Consensus is an ideal and the method of coordination between individuals in a decentralized system such as Bitcoin or other open source projects. Consensus is not a form of democracy: there are no forms of voting, representation, credentials, or gatekeeping involved in a consensus-based system. Nor does consensus require 100% agreement. Consensus is an ideal in the sense that, in most cases, there is no absolute agreement between all parties involved.
Consensus is required at multiple levels of Bitcoin: consensus must be achieved in maintaining the Bitcoin source code, and it must be maintained between all nodes storing and validating the blockchain. At the source code level, consensus is achieved by allowing anyone to propose, review, and comment on changes. This process is usually slower than centralized projects because discussion and review is applied intensively to any change before it is implemented. However, this process ensures that no special interests are served over others, and no private parties are capable of dictating Bitcoin’s future for their own gain.
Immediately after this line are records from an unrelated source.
lemma index_lincomb [simp]:
  "i < n \<Longrightarrow> j < n \<Longrightarrow> lincomb n f K c $$ (i,j) = (\<Sum>k\<in>K. c k * f k $$ (i,j))"
  by (simp add: lincomb_def)

lemma symmetric_lincomb:
  assumes "\<And>k i j. k \<in> K \<Longrightarrow> i < n \<Longrightarrow> j < n \<Longrightarrow> f k $$ (i,j) = f k $$ (j,i)"
  shows "symmetric_mat (lincomb n f K c)"
  unfolding symmetric_mat_def by (rule eq_matI) (auto simp: assms intro!: sum.cong)

lemma magic_lincomb:
  assumes "\<And>k. k \<in> K \<Longrightarrow> magic_with_sum n (f k) (s k)"
  shows "magic_with_sum n (lincomb n f K c) (\<Sum>k\<in>K. c k * s k)"
proof -
  have row: "(\<Sum>j<n. lincomb n f K c $$ (i,j)) = (\<Sum>k\<in>K. c k * s k)" if "i < n" for i
  proof -
    have "(\<Sum>j<n. lincomb n f K c $$ (i,j)) = (\<Sum>k\<in>K. c k * (\<Sum>j<n. f k $$ (i,j)))"
      using that by (simp add: sum_distrib_left) (rule sum.swap)
    also have "\<dots> = (\<Sum>k\<in>K. c k * s k)"
      using assms that unfolding magic_with_sum_def by (intro sum.cong) auto
    finally show ?thesis .
  qed
  have col: "(\<Sum>i<n. lincomb n f K c $$ (i,j)) = (\<Sum>k\<in>K. c k * s k)" if "j < n" for j
  proof -
    have "(\<Sum>i<n. lincomb n f K c $$ (i,j)) = (\<Sum>k\<in>K. c k * (\<Sum>i<n. f k $$ (i,j)))"
      using that by (simp add: sum_distrib_left) (rule sum.swap)
    also have "\<dots> = (\<Sum>k\<in>K. c k * s k)"
      using assms that unfolding magic_with_sum_def by (intro sum.cong) auto
    finally show ?thesis .
  qed
  show ?thesis unfolding magic_with_sum_def using row col by simp
qed

lemma lincomb_common_eigenvector:
  assumes "\<And>k i. k \<in> K \<Longrightarrow> i < n \<Longrightarrow> (\<Sum>j<n. f k $$ (i,j) * v j) = mu k * v i"
    and i: "i < n"
  shows "(\<Sum>j<n. lincomb n f K c $$ (i,j) * v j) = (\<Sum>k\<in>K. c k * mu k) * v i"
proof -
  have "(\<Sum>j<n. lincomb n f K c $$ (i,j) * v j) = (\<Sum>k\<in>K. c k * (\<Sum>j<n. f k $$ (i,j) * v j))"
    using i by (simp add: sum_distrib_right sum_distrib_left mult.assoc) (rule sum.swap)
  also have "\<dots> = (\<Sum>k\<in>K. c k * mu k * v i)"
    using assms i by (intro sum.cong) auto
  finally show ?thesis by (simp add: sum_distrib_right)
qed

lemma diagonalizable_lincomb_if_common_orthogonal_eigenbasis:
  assumes orth: "\<And>k l. k < n \<Longrightarrow> l < n \<Longrightarrow> k \<noteq> l \<Longrightarrow> (\<Sum>i<n. v k i * v l i) = 0"
    and nonzero: "\<And>k. k < n \<Longrightarrow> (\<Sum>i<n. v k i * v k i) \<noteq> 0"
    and eigen: "\<And>x k. x \<in> K \<Longrightarrow> k < n \<Longrightarrow>
                  \<exists>mu. \<forall>i<n. (\<Sum>j<n. f x $$ (i,j) * v k j) = mu * v k i"
  shows "diagonalizable (lincomb n f K c)"
proof -
  define mu where "mu k x = (SOME m. \<forall>i<n. (\<Sum>j<n. f x $$ (i,j) * v k j) = m * v k i)" for k x
  have mu: "(\<Sum>j<n. f x $$ (i,j) * v k j) = mu k x * v k i" if "x \<in> K" "k < n" "i < n" for x k i
    using someI_ex[OF eigen[OF that(1,2)]] that(3) unfolding mu_def by blast
  have "\<exists>D. diagonal_mat D \<and> similar_mat (lincomb n f K c) D"
  proof (rule similar_diagonal_if_orthogonal_eigenvectors[OF _ orth nonzero])
    fix k i assume "k < n" "i < n"
    then show "(\<Sum>j<n. lincomb n f K c $$ (i,j) * v k j) = (\<Sum>x\<in>K. c x * mu k x) * v k i"
      using mu by (intro lincomb_common_eigenvector) auto
  qed auto
  then show ?thesis unfolding diagonalizable_def .
qed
At the blockchain level, consensus must be maintained by all nodes running compatible code. All nodes must agree on core parameters such as how many new bitcoin are created per block and what blocks and transactions are valid. Additionally, nodes must agree on the exact state of the network—which blocks comprise the blockchain and which transactions are included therein. If nodes disagree on these parameters, the network will fracture and the blockchain will splinter into several chains. Reconciliation between competing chains is extremely difficult, so maintaining consensus is of utmost importance.